__WHAT YOU WILL DO__. Search the entries below for "assms", and copy each line where it appears.

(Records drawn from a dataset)
----------
(* Let $\Gamma$ be an $n$-dimensional Bieberbach group with cyclic holonomy group $G$ of square-free order $\delta$ and translation subgroup $M$. Then $M=M_{n-1}\oplus\mathbb{Z}$ as $\mathbb{Z}G$-modules, where $\mathbb{Z}$ is a trivial $\mathbb{Z}G$-module generated by the $\delta$-th power of some element $c\in\Gamma$, and $\Gamma=M_{n-1}\rtimes C$ with $C=\langle c\rangle$.
   Context: An $n$-dimensional Bieberbach group is a torsion-free group $\Gamma$ with a normal maximal abelian subgroup $M\cong\mathbb{Z}^n$ of finite index; $G=\Gamma/M$ is the holonomy group, acting faithfully on $M$ by conjugation. *)

theory Defs
  imports "HOL-Algebra.Algebra" "HOL-Algebra.Free_Abelian_Groups" "HOL-Computational_Algebra.Squarefree"
begin

definition free_abelian_of_rank :: "('a, 'b) monoid_scheme \<Rightarrow> 'a set \<Rightarrow> nat \<Rightarrow> bool" where
  "free_abelian_of_rank G H n \<longleftrightarrow>
     subgroup H G \<and> (subgroup_generated G H \<cong> free_Abelian_group {..<n})"

definition torsion_free :: "('a, 'b) monoid_scheme \<Rightarrow> bool" where
  "torsion_free G \<longleftrightarrow>
     (\<forall>x \<in> carrier G. \<forall>k::nat. k > 0 \<and> x [^]\<^bsub>G\<^esub> k = \<one>\<^bsub>G\<^esub> \<longrightarrow> x = \<one>\<^bsub>G\<^esub>)"

definition abelian_subset :: "('a, 'b) monoid_scheme \<Rightarrow> 'a set \<Rightarrow> bool" where
  "abelian_subset G H \<longleftrightarrow> (\<forall>x \<in> H. \<forall>y \<in> H. x \<otimes>\<^bsub>G\<^esub> y = y \<otimes>\<^bsub>G\<^esub> x)"

definition maximal_abelian_subgroup :: "('a, 'b) monoid_scheme \<Rightarrow> 'a set \<Rightarrow> bool" where
  "maximal_abelian_subgroup G M \<longleftrightarrow>
     subgroup M G \<and> abelian_subset G M \<and>
     (\<forall>H. subgroup H G \<and> abelian_subset G H \<and> M \<subseteq> H \<longrightarrow> H = M)"

definition bieberbach_group :: "('a, 'b) monoid_scheme \<Rightarrow> 'a set \<Rightarrow> nat \<Rightarrow> bool" where
  "bieberbach_group \<Gamma> M n \<longleftrightarrow>
     group \<Gamma> \<and> torsion_free \<Gamma> \<and> M \<lhd> \<Gamma> \<and> maximal_abelian_subgroup \<Gamma> M \<and>
     free_abelian_of_rank \<Gamma> M n \<and> finite (rcosets\<^bsub>\<Gamma>\<^esub> M)"

end

(*
  The lattice M = Z^n carries the action tau of a generator c of the cyclic holonomy
  group of order delta, and zeta = c^delta is a tau-fixed vector of M. Torsion-freeness
  says that for every prime p with delta = p q, zeta is not a norm from the subgroup of
  order p generated by tau^q: otherwise (m c^q)^p = 1 for some m in M. Writing p zeta in
  a basis of the lattice of such norms, some coefficient is prime to p; composing that
  coordinate with the full norm gives a tau-invariant functional psi with p not dividing
  psi zeta. As delta is squarefree, these combine into a primitive invariant functional
  psi with psi zeta prime to delta. Then phi (m c^k) = delta psi m + k psi zeta is a
  well-defined homomorphism from Gamma onto Z whose kernel N lies in M. If phi c' = 1,
  then Gamma is the semidirect product of N and <c'>, M = N x <c'^delta>, and N, being
  isomorphic to the kernel of psi, has rank n - 1.
*)

theory Submission
  imports Defs
begin

section \<open>Additive subgroups and additive maps\<close>

definition is_add_subgroup :: "'a::ab_group_add set \<Rightarrow> bool" where
  "is_add_subgroup H \<longleftrightarrow> 0 \<in> H \<and> (\<forall>x\<in>H. \<forall>y\<in>H. x - y \<in> H)"

lemma add_subgroup_zero: "is_add_subgroup H \<Longrightarrow> 0 \<in> H"
  by (simp add: is_add_subgroup_def)

lemma add_subgroup_diff: "is_add_subgroup H \<Longrightarrow> x \<in> H \<Longrightarrow> y \<in> H \<Longrightarrow> x - y \<in> H"
  by (simp add: is_add_subgroup_def)

lemma add_subgroup_uminus: "is_add_subgroup H \<Longrightarrow> x \<in> H \<Longrightarrow> - x \<in> H"
  using add_subgroup_diff[of H 0 x] by (simp add: add_subgroup_zero)

lemma add_subgroup_add: "is_add_subgroup H \<Longrightarrow> x \<in> H \<Longrightarrow> y \<in> H \<Longrightarrow> x + y \<in> H"
  using add_subgroup_diff[of H x "- y"] by (simp add: add_subgroup_uminus)

lemma add_subgroup_sum: "is_add_subgroup H \<Longrightarrow> (\<And>i. i \<in> I \<Longrightarrow> g i \<in> H) \<Longrightarrow> sum g I \<in> H"
  by (induction I rule: infinite_finite_induct) (auto simp: add_subgroup_zero add_subgroup_add)

lemma add_subgroup_image:
  assumes "is_add_subgroup A"
    and "\<And>x y. x \<in> A \<Longrightarrow> y \<in> A \<Longrightarrow> h (x - y) = h x - h y"
  shows "is_add_subgroup (h ` A)"
  unfolding is_add_subgroup_def
proof (intro conjI ballI)
  show "0 \<in> h ` A"
    using assms(2)[of 0 0] add_subgroup_zero[OF assms(1)] by (metis diff_self image_eqI)
  fix u v assume "u \<in> h ` A" "v \<in> h ` A"
  then obtain x y where "x \<in> A" "y \<in> A" "u = h x" "v = h y"
    by blast
  then have "u - v = h (x - y)" "x - y \<in> A"
    using assms by (simp_all add: add_subgroup_diff)
  then show "u - v \<in> h ` A"
    by blast
qed

lemma int_add_subgroup_mult:
  fixes S :: "int set"
  assumes S: "is_add_subgroup S" and x: "x \<in> S"
  shows "k * x \<in> S"
proof -
  have "int m * x \<in> S" for m
    by (induction m) (auto simp: add_subgroup_zero[OF S] add_subgroup_add[OF S] x distrib_right)
  moreover have "k * x = - (int (nat (- k)) * x)" if "k < 0"
    using that by simp
  ultimately show ?thesis
    using add_subgroup_uminus[OF S] by (cases "k \<ge> 0") (metis nat_0_le, metis not_le)
qed

lemma int_add_subgroup_eq_multiples:
  fixes S :: "int set"
  assumes S: "is_add_subgroup S"
  obtains d where "d \<ge> 0" "S = {x. d dvd x}"
proof (cases "S = {0}")
  case True
  then show ?thesis by (intro that[of 0]) auto
next
  case False
  from False obtain x0 where "x0 \<in> S" "x0 \<noteq> 0"
    using add_subgroup_zero[OF S] by blast
  then have "\<bar>x0\<bar> \<in> S" "\<bar>x0\<bar> > 0"
    using add_subgroup_uminus[OF S] by (auto simp: abs_if)
  define d where "d = int (LEAST m. m > 0 \<and> int m \<in> S)"
  have "\<exists>m. m > 0 \<and> int m \<in> S"
    using \<open>\<bar>x0\<bar> \<in> S\<close> \<open>\<bar>x0\<bar> > 0\<close> by (intro exI[of _ "nat \<bar>x0\<bar>"]) simp
  then have "(LEAST m. m > 0 \<and> int m \<in> S) > 0 \<and> int (LEAST m. m > 0 \<and> int m \<in> S) \<in> S"
    by (rule LeastI_ex)
  then have d: "d > 0" "d \<in> S"
    by (simp_all add: d_def)
  have d_le: "d \<le> m" if "m > 0" "m \<in> S" for m
  proof -
    have "(LEAST m. m > 0 \<and> int m \<in> S) \<le> nat m"
      using that by (intro Least_le) simp
    then show ?thesis
      using that by (simp add: d_def)
  qed
  have "d dvd x" if "x \<in> S" for x
  proof (rule ccontr)
    assume "\<not> d dvd x"
    then have "x mod d > 0"
      using d(1) by (simp add: dvd_eq_mod_eq_0 order_less_le)
    moreover have "x mod d \<in> S"
      using add_subgroup_diff[OF S that int_add_subgroup_mult[OF S d(2), of "x div d"]] by (simp add: minus_div_mult_eq_mod)
    ultimately show False
      using d_le[of "x mod d"] pos_mod_bound[OF d(1), of x] by simp
  qed
  moreover have "x \<in> S" if "d dvd x" for x
    using that int_add_subgroup_mult[OF S d(2)] by (auto elim!: dvdE simp: mult.commute)
  ultimately show ?thesis
    using d(1) by (intro that[of d]) auto
qed

definition additive_on :: "'a::ab_group_add set \<Rightarrow> ('a \<Rightarrow> 'b::ab_group_add) \<Rightarrow> bool" where
  "additive_on A h \<longleftrightarrow> (\<forall>x\<in>A. \<forall>y\<in>A. h (x + y) = h x + h y)"

lemma additive_onD: "additive_on A h \<Longrightarrow> x \<in> A \<Longrightarrow> y \<in> A \<Longrightarrow> h (x + y) = h x + h y"
  by (simp add: additive_on_def)

lemma additive_on_diff:
  assumes "is_add_subgroup A" "additive_on A h" "x \<in> A" "y \<in> A"
  shows "h (x - y) = h x - h y"
  using additive_onD[OF assms(2) add_subgroup_diff[OF assms(1,3,4)] assms(4)] by simp

lemma additive_on_zero: "is_add_subgroup A \<Longrightarrow> additive_on A h \<Longrightarrow> h 0 = 0"
  using additive_on_diff[of A h 0 0] add_subgroup_zero by fastforce

lemma additive_on_uminus: "is_add_subgroup A \<Longrightarrow> additive_on A h \<Longrightarrow> x \<in> A \<Longrightarrow> h (- x) = - h x"
  using additive_on_diff[of A h 0 x] by (simp add: add_subgroup_zero additive_on_zero)

lemma additive_on_sum:
  assumes "is_add_subgroup A" "additive_on A h" "\<And>i. i \<in> I \<Longrightarrow> g i \<in> A"
  shows "h (sum g I) = (\<Sum>i\<in>I. h (g i))"
  using assms(3)
proof (induction I rule: infinite_finite_induct)
  case (insert i I)
  then show ?case
    using assms(1,2) by (simp add: additive_onD add_subgroup_sum)
qed (simp_all add: additive_on_zero[OF assms(1,2)])

lemma additive_on_funpow:
  assumes "additive_on A h" "h ` A \<subseteq> A"
  shows "additive_on A (h ^^ j)"
proof -
  have maps: "(h ^^ i) x \<in> A" if "x \<in> A" for x i
    using that assms(2) by (induction i) auto
  show ?thesis
    unfolding additive_on_def
  proof (induction j)
    case (Suc j)
    then show ?case
      using additive_onD[OF assms(1)] maps by simp
  qed simp
qed

section \<open>Sublattices of \<int>^n and their bases\<close>

type_synonym zvec = "nat \<Rightarrow>\<^sub>0 int"

lemma frag_cmul_of_nat: "frag_cmul (int m) x = (\<Sum>i<m. x)"
  by (induction m) (simp_all add: frag_cmul_distrib)

lemma add_subgroup_frag_cmul:
  fixes H :: "zvec set"
  assumes "is_add_subgroup H" "x \<in> H"
  shows "frag_cmul k x \<in> H"
proof -
  have "frag_cmul (int m) x \<in> H" for m
    unfolding frag_cmul_of_nat using assms by (intro add_subgroup_sum) auto
  moreover have "frag_cmul k x = - frag_cmul (int (nat (- k))) x" if "k < 0"
    using that by simp
  ultimately show ?thesis
    using add_subgroup_uminus[OF assms(1)] by (cases "k \<ge> 0") (metis nonneg_int_cases, metis not_le)
qed

lemma additive_on_frag_cmul:
  fixes \<psi> :: "zvec \<Rightarrow> int"
  assumes "is_add_subgroup A" "additive_on A \<psi>" "x \<in> A"
  shows "\<psi> (frag_cmul k x) = k * \<psi> x"
proof -
  have nat: "\<psi> (frag_cmul (int m) x) = int m * \<psi> x" for m
    unfolding frag_cmul_of_nat using assms by (simp add: additive_on_sum del: sum_constant) simp
  show ?thesis
  proof (cases "k \<ge> 0")
    case True
    then show ?thesis using nat[of "nat k"] by simp
  next
    case False
    have "\<psi> (frag_cmul k x) = \<psi> (- frag_cmul (int (nat (- k))) x)"
      using False by simp
    also have "\<dots> = - \<psi> (frag_cmul (int (nat (- k))) x)"
      using assms by (intro additive_on_uminus add_subgroup_frag_cmul)
    finally show ?thesis
      using nat[of "nat (- k)"] False by simp
  qed
qed

lemma additive_on_div:
  fixes \<psi> :: "zvec \<Rightarrow> int"
  assumes A: "is_add_subgroup A" and \<psi>: "additive_on A \<psi>" and image: "\<psi> ` A = {x. D dvd x}"
  shows "additive_on A (\<lambda>x. \<psi> x div D)"
proof -
  have "D dvd \<psi> x" if "x \<in> A" for x
    using image that by (metis image_eqI mem_Collect_eq)
  then show ?thesis
    using additive_onD[OF \<psi>] by (simp add: additive_on_def div_plus_div_distrib_dvd_left)
qed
----------
__TASK RESULT__.
    using assms(2)[of 0 0] add_subgroup_zero[OF assms(1)] by (metis diff_self image_eqI)
    using assms by (simp_all add: add_subgroup_diff)
  using additive_onD[OF assms(2) add_subgroup_diff[OF assms(1,3,4)] assms(4)] by simp
  using assms(3)
    using assms(1,2) by (simp add: additive_onD add_subgroup_sum)
qed (simp_all add: additive_on_zero[OF assms(1,2)])
    using that assms(2) by (induction i) auto
      using additive_onD[OF assms(1)] maps by simp
    unfolding frag_cmul_of_nat using assms by (intro add_subgroup_sum) auto
    using add_subgroup_uminus[OF assms(1)] by (cases "k \<ge> 0") (metis nonneg_int_cases, metis not_le)
    unfolding frag_cmul_of_nat using assms by (simp add: additive_on_sum del: sum_constant) simp
      using assms by (intro additive_on_uminus add_subgroup_frag_cmul)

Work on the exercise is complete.